Cation-Engineered Post-Treatment for Blue Perovskite Light-Emitting Diodes

Halide post-treatment has emerged as a promising strategy for achieving pure-blue emission in mixed-halide perovskites by facilitating the incorporation of low-solubility chloride while simultaneously passivating defects to enhance luminescence. Despite the demonstrated success in anion exchange, the specific influence of organic cations in post-treatment solutions has remained insufficiently explored, limiting further optimization of this technique. Here, the role of cations is investigated by comparing two structurally similar organic cations in halide post-treatment agents, i.e., 4-fluorophenylethylammonium (FPEA⁺) and phenylethylammonium (PEA⁺).
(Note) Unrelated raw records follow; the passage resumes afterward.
lemma card_flag_pairs:
  assumes p: "p \<in> points" and B: "B \<in> blocks"
  shows "int (card (flag_pairs p B)) = int (walks3_C p B) - of_bool (adj p B) * (2 * int k1 - 1)"
proof -
  let ?W = "{w\<in>C. adj w B}"
  have C: "p \<in> C" "B \<in> C" and pV: "p \<in> V" and BV: "B \<in> V"
    using p B unfolding points_def blocks_def by (auto simp: rotations_iff)
  have fin: "finite ?W" using finite_C by simp
  have pW: "p \<in> ?W \<longleftrightarrow> adj p B" using C by simp
  have inner: "int (card ({z\<in>C. adj p z \<and> adj z p'} - {B})) = int (common_in False p p') - of_bool (adj p B)"
    if "p' \<in> ?W" for p'
  proof -
    have "B \<in> {z\<in>C. adj p z \<and> adj z p'} \<longleftrightarrow> adj p B"
      using that C BV adj_commute[of B p'] by (auto simp: rotations_iff)
    moreover have "card {z\<in>C. adj p z \<and> adj z p'} \<ge> 1" if "B \<in> {z\<in>C. adj p z \<and> adj z p'}"
    proof -
      have "finite {z\<in>C. adj p z \<and> adj z p'}" using finite_C by simp
      then show ?thesis using that card_gt_0_iff by (metis Suc_leI One_nat_def empty_iff)
    qed
    ultimately show ?thesis by (simp add: common_in_False_eq card_Diff_singleton_if of_nat_diff)
  qed
  have "int (card (flag_pairs p B)) = (\<Sum>p'\<in>?W - {p}. int (common_in False p p') - of_bool (adj p B))"
    unfolding flag_pairs_eq_Sigma[OF p B] using fin finite_C inner by (simp add: card_SigmaI)
  also have "\<dots> = (\<Sum>p'\<in>?W - {p}. int (common_in False p p')) - of_bool (adj p B) * int (card (?W - {p}))"
    by (simp add: sum_subtractf)
  also have "(\<Sum>p'\<in>?W - {p}. int (common_in False p p')) = int (walks3_C p B) - of_bool (adj p B) * int k1"
  proof -
    have "common_in False p p = k1"
      using card_neighbours_in_coset[OF pV, of False] C adj_commute pV
      by (simp add: common_in_def coset_degree_def rotations_iff conj_absorb cong: conj_cong)
    then show ?thesis using pW fin unfolding walks3_C_def by (simp add: sum_diff1 of_nat_sum)
  qed
  also have "int (card (?W - {p})) = int k1 - of_bool (adj p B)"
    using pW fin card_rotation_neighbours[OF C(2)] k1_pos_ne_m by (simp add: card_Diff_singleton_if of_nat_diff)
  finally show ?thesis by (simp add: algebra_simps)
qed

lemma one_in_blocks: "\<one>\<^bsub>D\<^esub> \<in> blocks"
  unfolding blocks_def using not_side_one by (simp add: rotations_iff)

lemma rotation_neighbours_one_subset: "{w\<in>C. adj w \<one>\<^bsub>D\<^esub>} \<subseteq> points"
  unfolding points_def using side_adj[OF _ one_closed] not_side_one by (auto simp: rotations_iff)

lemma exists_point_not_adj_one: "\<exists>x\<in>points. \<not> adj x \<one>\<^bsub>D\<^esub>"
proof (rule ccontr)
  assume "\<not> ?thesis"
  then have "points = {w\<in>C. adj w \<one>\<^bsub>D\<^esub>}"
    using rotation_neighbours_one_subset unfolding points_def by auto
  then show False
    using card_points card_rotation_neighbours one_in_blocks k1_pos_ne_m unfolding blocks_def by auto
qed

lemma exists_point_adj_one: "\<exists>x\<in>points. adj x \<one>\<^bsub>D\<^esub>"
  using card_rotation_neighbours[of "\<one>\<^bsub>D\<^esub>"] one_in_blocks k1_pos_ne_m rotation_neighbours_one_subset
  unfolding blocks_def by (metis (no_types, lifting) card.empty empty_Collect_eq less_irrefl mem_Collect_eq subsetD)

definition alpha :: nat where
  "alpha = nat (int \<mu> * (2 * int k1 - int k2) div 2)"

definition beta :: nat where
  "beta = nat (int alpha + int k - int \<mu> - 2 * int k1 + 1)"

lemma two_alpha: "2 * int alpha = int \<mu> * (2 * int k1 - int k2)"
proof -
  obtain x where x: "x \<in> points" "\<not> adj x \<one>\<^bsub>D\<^esub>" using exists_point_not_adj_one by blast
  have "side x" "x \<in> C" using x unfolding points_def by auto
  then have "2 * int (walks3_C x \<one>\<^bsub>D\<^esub>) = int \<mu> * (2 * int k1 - int k2)"
    using walks3_C_other_side[of x "\<one>\<^bsub>D\<^esub>"] one_in_blocks x(2) not_side_one unfolding blocks_def by simp
  then show ?thesis unfolding alpha_def by (metis nat_int nonzero_mult_div_cancel_left zero_neq_numeral)
qed

lemma card_flag_pairs_eq:
  assumes p: "p \<in> points" and B: "B \<in> blocks"
  shows "int (card (flag_pairs p B)) = (if adj p B then int alpha + int k - int \<mu> - 2 * int k1 + 1 else int alpha)"
proof -
  have "p \<in> C" "B \<in> C" "side p \<noteq> side B" using p B unfolding points_def blocks_def by auto
  then have "2 * int (walks3_C p B) = 2 * (int k - int \<mu>) * of_bool (adj p B) + 2 * int alpha"
    using walks3_C_other_side two_alpha by simp
  then show ?thesis using card_flag_pairs[OF p B] by (cases "adj p B") simp_all
qed

lemma int_beta: "int beta = int alpha + int k - int \<mu> - 2 * int k1 + 1"
proof -
  obtain x where "x \<in> points" "adj x \<one>\<^bsub>D\<^esub>" using exists_point_adj_one by blast
  then have "int alpha + int k - int \<mu> - 2 * int k1 + 1 \<ge> 0"
    using card_flag_pairs_eq[of x "\<one>\<^bsub>D\<^esub>"] one_in_blocks by fastforce
  then show ?thesis unfolding beta_def by simp
qed

lemma blocks_adjacent_to_point:
  assumes "p \<in> points"
  shows "{B\<in>blocks. adj_C p B} = {w\<in>C. adj w p}"
proof (rule Set.set_eqI)
  fix w
  have p: "p \<in> C" "p \<in> V" "side p" using assms unfolding points_def by (auto simp: rotations_iff)
  show "w \<in> {B\<in>blocks. adj_C p B} \<longleftrightarrow> w \<in> {w\<in>C. adj w p}"
  proof (cases "w \<in> C")
    case True
    then have "w \<in> V" by (simp add: rotations_iff)
    then show ?thesis
      using True adj_C_iff[OF p(1) True] side_adj[OF p(2) \<open>w \<in> V\<close>] adj_commute[OF p(2) \<open>w \<in> V\<close>] p
      unfolding blocks_def by auto
  qed (simp add: blocks_def)
qed
text \<open>If F embeds c_0 with constant C, the bunches F restricted to [\<rat>,G] form a nonempty
  subset of V(M,\<rat>,C) in which every element has a proper extension, so no derivative ever
  removes them.

  Conversely, fix a dense sequence \<delta> in M and code each bunch by a finite sequence of natural
  numbers recording its support and \<delta>-approximations of its points; extension of bunches becomes
  proper extension of codes.  An infinite branch of the tree of codes yields maps on finitely
  supported rational vectors that are bi-Lipschitz up to an error tending to 0; their limits
  extend, by completeness, to a bi-Lipschitz embedding of c_0.  So if c_0 does not embed, the tree
  is well founded, its Kleene--Brouwer order is a countable well-order, and ranking bunches by
  their codes shows that the derivative of every V(M,\<rat>,C) at the root of that order is empty.\<close>

section \<open>Derivatives of vines\<close>

lemma deriv_at_eq:
  assumes "Well_order r"
  shows "deriv_at E r V a = V \<inter> (\<Inter>b\<in>{b. (b, a) \<in> r - Id}. deriv1 E (deriv_at E r V b))"
proof -
  have "wf (r - Id)" using assms by (simp add: well_order_on_def)
  then show ?thesis unfolding deriv_at_def by (subst wfrec) (simp_all add: cut_apply)
qed

lemma deriv_at_subset:
  assumes "Well_order r"
  shows "deriv_at E r V a \<subseteq> V"
  using deriv_at_eq[OF assms] by blast

lemma subset_deriv_at_if_extendable:
  assumes r: "Well_order r" and "W \<subseteq> V"
    and ext: "\<And>p. p \<in> W \<Longrightarrow> \<exists>q\<in>W. bunch_le E p q \<and> p \<noteq> q"
  shows "W \<subseteq> deriv_at E r V a"
proof -
  have "wf (r - Id)" using r by (simp add: well_order_on_def)
  then show ?thesis
  proof (induction a rule: wf_induct_rule)
    case (less a)
    then have "W \<subseteq> deriv1 E (deriv_at E r V b)" if "(b, a) \<in> r - Id" for b
      using ext that unfolding deriv1_def by blast
    then show ?case using \<open>W \<subseteq> V\<close> by (subst deriv_at_eq[OF r]) blast
  qed
qed

lemma deriv_at_rank_not_below:
  assumes r: "Well_order r"
    and dec: "\<And>p q. p \<in> V \<Longrightarrow> q \<in> V \<Longrightarrow> bunch_le E p q \<Longrightarrow> p \<noteq> q \<Longrightarrow> (\<rho> q, \<rho> p) \<in> r - Id"
  shows "p \<in> deriv_at E r V a \<Longrightarrow> (\<rho> p, a) \<notin> r - Id"
proof -
  have "wf (r - Id)" using r by (simp add: well_order_on_def)
  then show "p \<in> deriv_at E r V a \<Longrightarrow> (\<rho> p, a) \<notin> r - Id"
  proof (induction a arbitrary: p rule: wf_induct_rule)
    case (less a)
    show ?case
    proof
      assume below: "(\<rho> p, a) \<in> r - Id"
      then have "p \<in> deriv1 E (deriv_at E r V (\<rho> p))"
        using less.prems by (subst (asm) deriv_at_eq[OF r]) blast
      then obtain q where q: "q \<in> deriv_at E r V (\<rho> p)" "bunch_le E p q" "p \<noteq> q"
        and p: "p \<in> deriv_at E r V (\<rho> p)"
        unfolding deriv1_def by blast
      have "(\<rho> q, \<rho> p) \<in> r - Id"
        using dec q(2,3) deriv_at_subset[OF r] p q(1) by blast
      with less.IH[OF below q(1)] show False by blast
    qed
  qed
qed

lemma deriv_at_eq_empty_if_ranks_below:
  assumes r: "Well_order r"
    and dec: "\<And>p q. p \<in> V \<Longrightarrow> q \<in> V \<Longrightarrow> bunch_le E p q \<Longrightarrow> p \<noteq> q \<Longrightarrow> (\<rho> q, \<rho> p) \<in> r - Id"
    and below: "\<And>p. p \<in> V \<Longrightarrow> (\<rho> p, a) \<in> r - Id"
  shows "deriv_at E r V a = {}"
proof -
  have "p \<notin> deriv_at E r V a" for p
  proof
    assume p: "p \<in> deriv_at E r V a"
    have "(\<rho> p, a) \<notin> r - Id" by (rule deriv_at_rank_not_below[OF r dec p])
    moreover have "p \<in> V" using p deriv_at_subset[OF r] by blast
    ultimately show False using below by blast
  qed
  then show ?thesis by blast
qed
(* For closed terms, the axiom system $\mathbf{BTC}$ (defined in the context) is complete with respect to the standard model: for all closed $\mathbf{BTC}$ tuplix terms $s$ and $t$, if $[\![s]\!]=[\![t]\!]$ then $\mathbf{BTC}\vdash s=t$.
   Context: Data: a meadow is a commutative ring with unit with a total unary operation $(\cdot)^{-1}$ satisfying $(u^{-1})^{-1}=u$ and $u\cdot(u\cdot u^{-1})=u$; a non-trivial cancellation meadow additionally satisfies $0\neq 1$ and the cancellation law ($u\neq 0$ and $uv=uw$ imply $v=w$). Fix such a structure $\mathcal{D}$. Data terms are built from data variables, constants $0,1$, binary $+,\cdot$ and unary $-$, $(\cdot)^{-1}$; write $p/q$ for $p\cdot q^{-1}$ and $p-q$ for $p+(-q)$. Fix a nonempty set $A$ of attributes. $\mathbf{BTC}$ tuplix terms are built from tuplix variables, constants $\epsilon$ and $\delta$, entries $a(p)$ ($a\in A$, $p$ a data term), zero tests $\gamma(p)$, and the binary operators $\oplus$ (conjunctive composition) and $+$ (alternative composition). $\mathbf{BTC}$ is the two-sorted equational proof system with axioms (T1) $x\oplus y=y\oplus x$; (T2) $(x\oplus y)\oplus z=x\oplus(y\oplus z)$; (T3) $x\oplus\epsilon=x$; (T4) $x\oplus\delta=\delta$; (T5) $a(u)\oplus a(v)=a(u+v)$; (T6) $\gamma(u)=\gamma(u/u)$; (T7) $\gamma(0)=\epsilon$; (T8) $\gamma(1)=\delta$; (T9) $\gamma(u)\oplus\gamma(v)=\gamma(u/u+v/v)$; (T10) $\gamma(u-v)\oplus a(u)=\gamma(u-v)\oplus a(v)$ (for all $a\in A$); (C1) $x+y=y+x$; (C2) $(x+y)+z=x+(y+z)$; (C3) $x+x=x$; (C4) $x+\delta=x$; (C5) $x\oplus(y+z)=(x\oplus y)+(x\oplus z)$; (C6) $\gamma(u)+\gamma(v)=\gamma(uv)$; together with the rule (DE): for all data terms $p,q$, if $\mathcal{D}\models p=q$ then $\gamma(p)=\gamma(q)$ is derivable. Standard model: let $F$ be the set of partial functions $A\rightharpoonup\mathcal{D}$; the domain is $2^F$. For $a\in A$, $d\in\mathcal{D}$, $f_{a,d}$ is defined only at $a$ with value $d$; $f_\epsilon$ is nowhere defined. For $f,g\in F$, $f\oplus g$ is defined at $a$ iff $f$ or $g$ is, with value $f(a)$ if only $f$ is defined there, $g(a)$ if only $g$ is, and $f(a)+g(a)$ if both are. A term is closed if it contains no tuplix and no data variables; closed data terms $p$ denote elements $[\![p]\!]\in\mathcal{D}$. Closed tuplix terms are interpreted by $[\![\delta]\!]=\emptyset$, $[\![\epsilon]\!]=\{f_\epsilon\}$, $[\![a(p)]\!]=\{f_{a,[\![p]\!]}\}$, $[\![\gamma(p)]\!]=\{f_\epsilon\}$ if $[\![p]\!]=0$ and $=\emptyset$ otherwise, $[\![s\oplus t]\!]=\{f\oplus g\mid f\in[\![s]\!],g\in[\![t]\!]\}$, $[\![s+t]\!]=[\![s]\!]\cup[\![t]\!]$. *)

theory Defs
  imports Main
begin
The findings reveal a stark contrast in their effects on 3D perovskite surfaces. Through enhanced surface binding and fluorine-induced hydrophobicity, FPEA⁺ mitigates lattice damage from the solvent penetration during post-treatment, enabling a mild perovskite modification that better preserves the 3D perovskite structure while effectively passivating surface defects. Conversely, the PEA⁺ treatment causes partial degradation of the 3D perovskite, forming a defective 2D/3D grain surface and introducing a new 2D layer in inter-grain regions. By replacing PEA⁺ with FPEA⁺ in the conventional halide post-treatment, the mixed-halide perovskite light-emitting diode performance is significantly enhanced, achieving peak external quantum efficiencies of 16.2% at 483 nm, 11.1% at 475 nm, and 7.6% at 466 nm, with all devices exhibiting excellent color purity and spectral stability.